(Stored records)
<<<<

lemma pseudocompact_no_locally_finite_sequence:
  fixes U :: "nat \<Rightarrow> 'a set"
  assumes ps: "pseudocompact_space X"
    and fo: "\<And>n. functionally_open X (U n)" and nonempty: "\<And>n. U n \<noteq> {}"
    and lf: "\<And>x. x \<in> topspace X \<Longrightarrow> \<exists>V. openin X V \<and> x \<in> V \<and> finite {n. U n \<inter> V \<noteq> {}}"
  shows False
proof -
  obtain g where g: "\<And>n. continuous_map X euclideanreal (g n)"
    and gU: "\<And>n. U n = {x \<in> topspace X. g n x \<noteq> 0}"
    using fo unfolding functionally_open_def by metis
  have "\<forall>n. \<exists>x. x \<in> U n"
    using nonempty by blast
  then obtain x where xU: "\<And>n. x n \<in> U n"
    by metis
  define h where "h n y = real n / \<bar>g n (x n)\<bar> * \<bar>g n y\<bar>" for n y
  define F where "F y = (\<Sum>m | y \<in> U m. h m y)" for y
  have "continuous_map X euclideanreal F"
    unfolding F_def
  proof (rule continuous_map_locally_finite_sum[OF _ _ lf])
    show "continuous_map X euclideanreal (h n)" for n
      unfolding h_def by (intro continuous_map_real_mult_left continuous_map_real_abs g)
    show "h n y = 0" if "y \<in> topspace X" "y \<notin> U n" for n y
      using that gU[of n] by (simp add: h_def)
  qed
  then obtain B where B: "\<And>y. y \<in> topspace X \<Longrightarrow> \<bar>F y\<bar> \<le> B"
    using ps unfolding pseudocompact_space_def by blast
  define n where "n = Suc (nat \<lceil>B\<rceil>)"
  have xn: "x n \<in> topspace X" "g n (x n) \<noteq> 0"
    using xU[of n] gU[of n] by auto
  obtain V where "x n \<in> V" "finite {m. U m \<inter> V \<noteq> {}}"
    using lf[OF xn(1)] by blast
  then have "finite {m. x n \<in> U m}"
    by (elim rev_finite_subset) blast
  then have "h n (x n) \<le> F (x n)"
    unfolding F_def by (intro member_le_sum) (auto simp: xU h_def)
  moreover have "h n (x n) = real n"
    using xn(2) by (simp add: h_def)
  ultimately show False
    using B[OF xn(1)] unfolding n_def by linarith
qed

lemma locally_finite_in_inj_family:
  assumes lf: "locally_finite_in X \<F>" and inj: "inj U" and U: "\<And>i. U i \<in> \<F>"
    and x: "x \<in> topspace X"
  shows "\<exists>V. openin X V \<and> x \<in> V \<and> finite {i. U i \<inter> V \<noteq> {}}"
proof -
  obtain V where V: "openin X V" "x \<in> V" "finite {W \<in> \<F>. W \<inter> V \<noteq> {}}"
    using lf x unfolding locally_finite_in_def by blast
  have "{i. U i \<inter> V \<noteq> {}} \<subseteq> U -` {W \<in> \<F>. W \<inter> V \<noteq> {}}"
    using U by blast
  then have "finite {i. U i \<inter> V \<noteq> {}}"
    using finite_vimageI[OF V(3) inj] finite_subset by blast
  with V show ?thesis
    by blast
qed

lemma pseudocompact_locally_finite_functionally_open_finite:
  assumes ps: "pseudocompact_space X" and lf: "locally_finite_in X \<F>"
    and fo: "\<And>U. U \<in> \<F> \<Longrightarrow> functionally_open X U"
  shows "finite {U \<in> \<F>. U \<noteq> {}}"
proof (rule ccontr)
  assume "infinite {U \<in> \<F>. U \<noteq> {}}"
  then obtain U :: "nat \<Rightarrow> 'a set" where inj: "inj U" and U: "\<And>n. U n \<in> \<F>" "\<And>n. U n \<noteq> {}"
    unfolding infinite_iff_countable_subset by blast
  show False
  proof (rule pseudocompact_no_locally_finite_sequence[OF ps])
    show "functionally_open X (U n)" for n
      using fo U(1) .
    show "U n \<noteq> {}" for n
      by (rule U(2))
    show "\<exists>V. openin X V \<and> x \<in> V \<and> finite {n. U n \<inter> V \<noteq> {}}" if "x \<in> topspace X" for x
      using locally_finite_in_inj_family[OF lf inj U(1) that] .
  qed
qed

lemma finite_subset_UN_lessThan:
  fixes \<gamma> :: "nat \<Rightarrow> 'a set"
  assumes "finite A" "A \<subseteq> (\<Union>n. \<gamma> n)"
  obtains k where "A \<subseteq> (\<Union>m<k. \<gamma> m)"
  using assms
proof (induction A arbitrary: thesis rule: finite_induct)
  case empty
  then show ?case by blast
next
  case (insert a A)
  obtain k where "A \<subseteq> (\<Union>m<k. \<gamma> m)"
    using insert.IH insert.prems(2) by blast
  moreover obtain n where "a \<in> \<gamma> n"
    using insert.prems(2) by blast
  ultimately have "insert a A \<subseteq> (\<Union>m<max k (Suc n). \<gamma> m)"
    by force
  then show ?case
    by (rule insert.prems(1))
qed

lemma pseudocompact_cover_finitely_many_indices:
  fixes \<gamma> :: "nat \<Rightarrow> 'a set set"
  assumes ps: "pseudocompact_space X" and cov: "covers X (\<Union>n. \<gamma> n)"
    and lf: "locally_finite_in X (\<Union>n. \<gamma> n)"
    and fo: "\<And>V. V \<in> (\<Union>n. \<gamma> n) \<Longrightarrow> functionally_open X V"
  obtains k where "\<And>n. finite {V \<in> \<gamma> n. V \<noteq> {}}" "covers X (\<Union>m<k. {V \<in> \<gamma> m. V \<noteq> {}})"
proof -
  define A where "A = {V \<in> (\<Union>n. \<gamma> n). V \<noteq> {}}"
  have "finite A"
    unfolding A_def using pseudocompact_locally_finite_functionally_open_finite[OF ps lf fo] .
  moreover have "A \<subseteq> (\<Union>n. \<gamma> n)"
    unfolding A_def by blast
  ultimately obtain k where k: "A \<subseteq> (\<Union>m<k. \<gamma> m)"
    by (rule finite_subset_UN_lessThan)
  have "finite {V \<in> \<gamma> n. V \<noteq> {}}" for n
    by (rule finite_subset[OF _ \<open>finite A\<close>]) (auto simp: A_def)
  moreover have "topspace X \<subseteq> \<Union>(\<Union>m<k. {V \<in> \<gamma> m. V \<noteq> {}})"
  proof
    fix y assume "y \<in> topspace X"
    then obtain V where V: "V \<in> A" "y \<in> V"
      using cov unfolding covers_def A_def by blast
    then obtain m where "m < k" "V \<in> \<gamma> m"
      using k by blast
    with V show "y \<in> \<Union>(\<Union>m<k. {V \<in> \<gamma> m. V \<noteq> {}})"
      by blast
  qed
  moreover have "\<Union>(\<Union>m<k. {V \<in> \<gamma> m. V \<noteq> {}}) \<subseteq> topspace X"
    using fo functionally_open_subset_topspace by blast
  ultimately show thesis
    by (intro that) (auto simp: covers_def)
qed

lemma C_space_imp_finite_C_space:
  assumes ps: "pseudocompact_space X" and C: "C_space X"
  shows "finite_C_space X"
  unfolding finite_C_space_def
proof (intro allI impI)
  fix \<omega> :: "nat \<Rightarrow> 'a set set"
  assume \<omega>: "\<forall>n. finite (\<omega> n) \<and> covers X (\<omega> n) \<and> (\<forall>U\<in>\<omega> n. functionally_open X U)"
  \<comment> \<open>A finite C-space indexes its covers from 1, a C-space from 0.\<close>
  have "\<forall>n. covers X (\<omega> (Suc n)) \<and> locally_finite_in X (\<omega> (Suc n)) \<and>
            (\<forall>U\<in>\<omega> (Suc n). functionally_open X U)"
  proof (intro allI conjI)
    fix n
    show "covers X (\<omega> (Suc n))" "\<forall>U\<in>\<omega> (Suc n). functionally_open X U"
      using \<omega> by blast+
    then show "locally_finite_in X (\<omega> (Suc n))"
      using \<omega> unfolding covers_def by (simp add: finite_imp_locally_finite_in)
  qed
  then obtain \<gamma> where
    "(\<forall>n. pairwise disjnt (\<gamma> n) \<and> (\<forall>V\<in>\<gamma> n. openin X V) \<and> refines (\<gamma> n) (\<omega> (Suc n))) \<and>
     covers X (\<Union>n. \<gamma> n) \<and> locally_finite_in X (\<Union>n. \<gamma> n) \<and>
     (\<forall>V\<in>(\<Union>n. \<gamma> n). functionally_open X V)"
    using C unfolding C_space_def by (elim allE[of _ "\<lambda>n. \<omega> (Suc n)"] impE exE)
  then have \<gamma>: "\<And>n. pairwise disjnt (\<gamma> n)" "\<And>n. refines (\<gamma> n) (\<omega> (Suc n))"
    and fo: "\<And>V. V \<in> (\<Union>n. \<gamma> n) \<Longrightarrow> functionally_open X V"
    and cover: "covers X (\<Union>n. \<gamma> n)" and lf: "locally_finite_in X (\<Union>n. \<gamma> n)"
    by blast+
  obtain k where fin: "\<And>n. finite {V \<in> \<gamma> n. V \<noteq> {}}"
    and cov: "covers X (\<Union>m<k. {V \<in> \<gamma> m. V \<noteq> {}})"
    using pseudocompact_cover_finitely_many_indices[OF ps cover lf fo] by blast
  define \<gamma>' where "\<gamma>' n = {V \<in> \<gamma> (n - 1). V \<noteq> {}}" for n
  show "\<exists>k \<gamma>. (\<forall>n\<in>{1..k}. finite (\<gamma> n) \<and> pairwise disjnt (\<gamma> n) \<and>
                 (\<forall>V\<in>\<gamma> n. functionally_open X V) \<and> refines (\<gamma> n) (\<omega> n)) \<and>
               covers X (\<Union>n\<in>{1..k}. \<gamma> n)"
  proof (intro exI conjI ballI)
    fix n :: nat assume "n \<in> {1..k}"
    then have "Suc (n - 1) = n" by simp
    then show "refines (\<gamma>' n) (\<omega> n)"
      using \<gamma>(2)[of "n - 1"] unfolding refines_def \<gamma>'_def by auto
    show "finite (\<gamma>' n)"
      unfolding \<gamma>'_def by (rule fin)
    show "pairwise disjnt (\<gamma>' n)"
      using \<gamma>(1) unfolding \<gamma>'_def by (rule pairwise_subset) auto
    show "functionally_open X V" if "V \<in> \<gamma>' n" for V
      using fo that unfolding \<gamma>'_def by blast
  next
    have "(\<Union>n\<in>{1..k}. \<gamma>' n) = (\<Union>m<k. {V \<in> \<gamma> m. V \<noteq> {}})"
      unfolding image_Suc_lessThan[symmetric] \<gamma>'_def by simp
    then show "covers X (\<Union>n\<in>{1..k}. \<gamma>' n)"
      using cov by simp
  qed
qed

lemma finite_C_space_imp_C_space:
  assumes ps: "pseudocompact_space X" and C: "finite_C_space X"
  shows "C_space X"
  unfolding C_space_def
proof (intro allI impI)
  fix \<omega> :: "nat \<Rightarrow> 'a set set"
  assume \<omega>: "\<forall>n. covers X (\<omega> n) \<and> locally_finite_in X (\<omega> n) \<and> (\<forall>U\<in>\<omega> n. functionally_open X U)"
  define \<omega>' where "\<omega>' n = {U \<in> \<omega> n. U \<noteq> {}}" for n
  have "\<forall>n. finite (\<omega>' n) \<and> covers X (\<omega>' n) \<and> (\<forall>U\<in>\<omega>' n. functionally_open X U)"
  proof (intro allI conjI)
    fix n
    show "finite (\<omega>' n)"
      unfolding \<omega>'_def using \<omega> by (intro pseudocompact_locally_finite_functionally_open_finite[OF ps]) auto
    have "\<Union>(\<omega>' n) = \<Union>(\<omega> n)"
      unfolding \<omega>'_def by blast
    then show "covers X (\<omega>' n)"
      using \<omega> unfolding covers_def by simp
    show "\<forall>U\<in>\<omega>' n. functionally_open X U"
      using \<omega> unfolding \<omega>'_def by auto
  qed
  then obtain k \<gamma> where \<gamma>: "\<forall>n\<in>{1..k}. finite (\<gamma> n) \<and> pairwise disjnt (\<gamma> n) \<and>
                    (\<forall>V\<in>\<gamma> n. functionally_open X V) \<and> refines (\<gamma> n) (\<omega>' n)"
    and cov: "covers X (\<Union>n\<in>{1..k}. \<gamma> n)"
    using C unfolding finite_C_space_def by blast
  define \<gamma>' where "\<gamma>' n = (if n \<in> {1..k} then \<gamma> n else {})" for n
  have union: "(\<Union>n. \<gamma>' n) = (\<Union>n\<in>{1..k}. \<gamma> n)"
    unfolding \<gamma>'_def by auto
  have fo: "functionally_open X V" if "V \<in> (\<Union>n. \<gamma>' n)" for V
    using that \<gamma> unfolding union by blast
  show "\<exists>\<gamma>. (\<forall>n. pairwise disjnt (\<gamma> n) \<and> (\<forall>V\<in>\<gamma> n. openin X V) \<and> refines (\<gamma> n) (\<omega> n)) \<and>
           covers X (\<Union>n. \<gamma> n) \<and> locally_finite_in X (\<Union>n. \<gamma> n) \<and>
           (\<forall>V\<in>(\<Union>n. \<gamma> n). functionally_open X V)"
  proof (intro exI[of _ \<gamma>'] conjI allI ballI)
    fix n
    show "pairwise disjnt (\<gamma>' n)"
      using \<gamma> by (simp add: \<gamma>'_def)
    show "openin X V" if "V \<in> \<gamma>' n" for V
      using that fo functionally_open_imp_openin by blast
    have "refines (\<gamma> n) (\<omega>' n)" if "n \<in> {1..k}"
      using that \<gamma> by blast
    then show "refines (\<gamma>' n) (\<omega> n)"
      unfolding \<gamma>'_def \<omega>'_def refines_def by auto
  next
    show "covers X (\<Union>n. \<gamma>' n)"
      unfolding union by (rule cov)
    have "finite (\<Union>n\<in>{1..k}. \<gamma> n)"
      using \<gamma> by (intro finite_UN_I) auto
    then show "locally_finite_in X (\<Union>n. \<gamma>' n)"
      using cov unfolding union covers_def by (simp add: finite_imp_locally_finite_in)
  qed (rule fo)
qed

theorem proposition2p1:
  fixes X :: "'a topology"
  assumes "tychonoff_space X" and "pseudocompact_space X"
  shows "C_space X \<longleftrightarrow> finite_C_space X"
  using C_space_imp_finite_C_space[OF assms(2)] finite_C_space_imp_C_space[OF assms(2)] by blast

end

>>>>

To do
Return all lines in the entries above that carry the word "elim".

Task output
    by (elim rev_finite_subset) blast
    using C unfolding C_space_def by (elim allE[of _ "\<lambda>n. \<omega> (Suc n)"] impE exE)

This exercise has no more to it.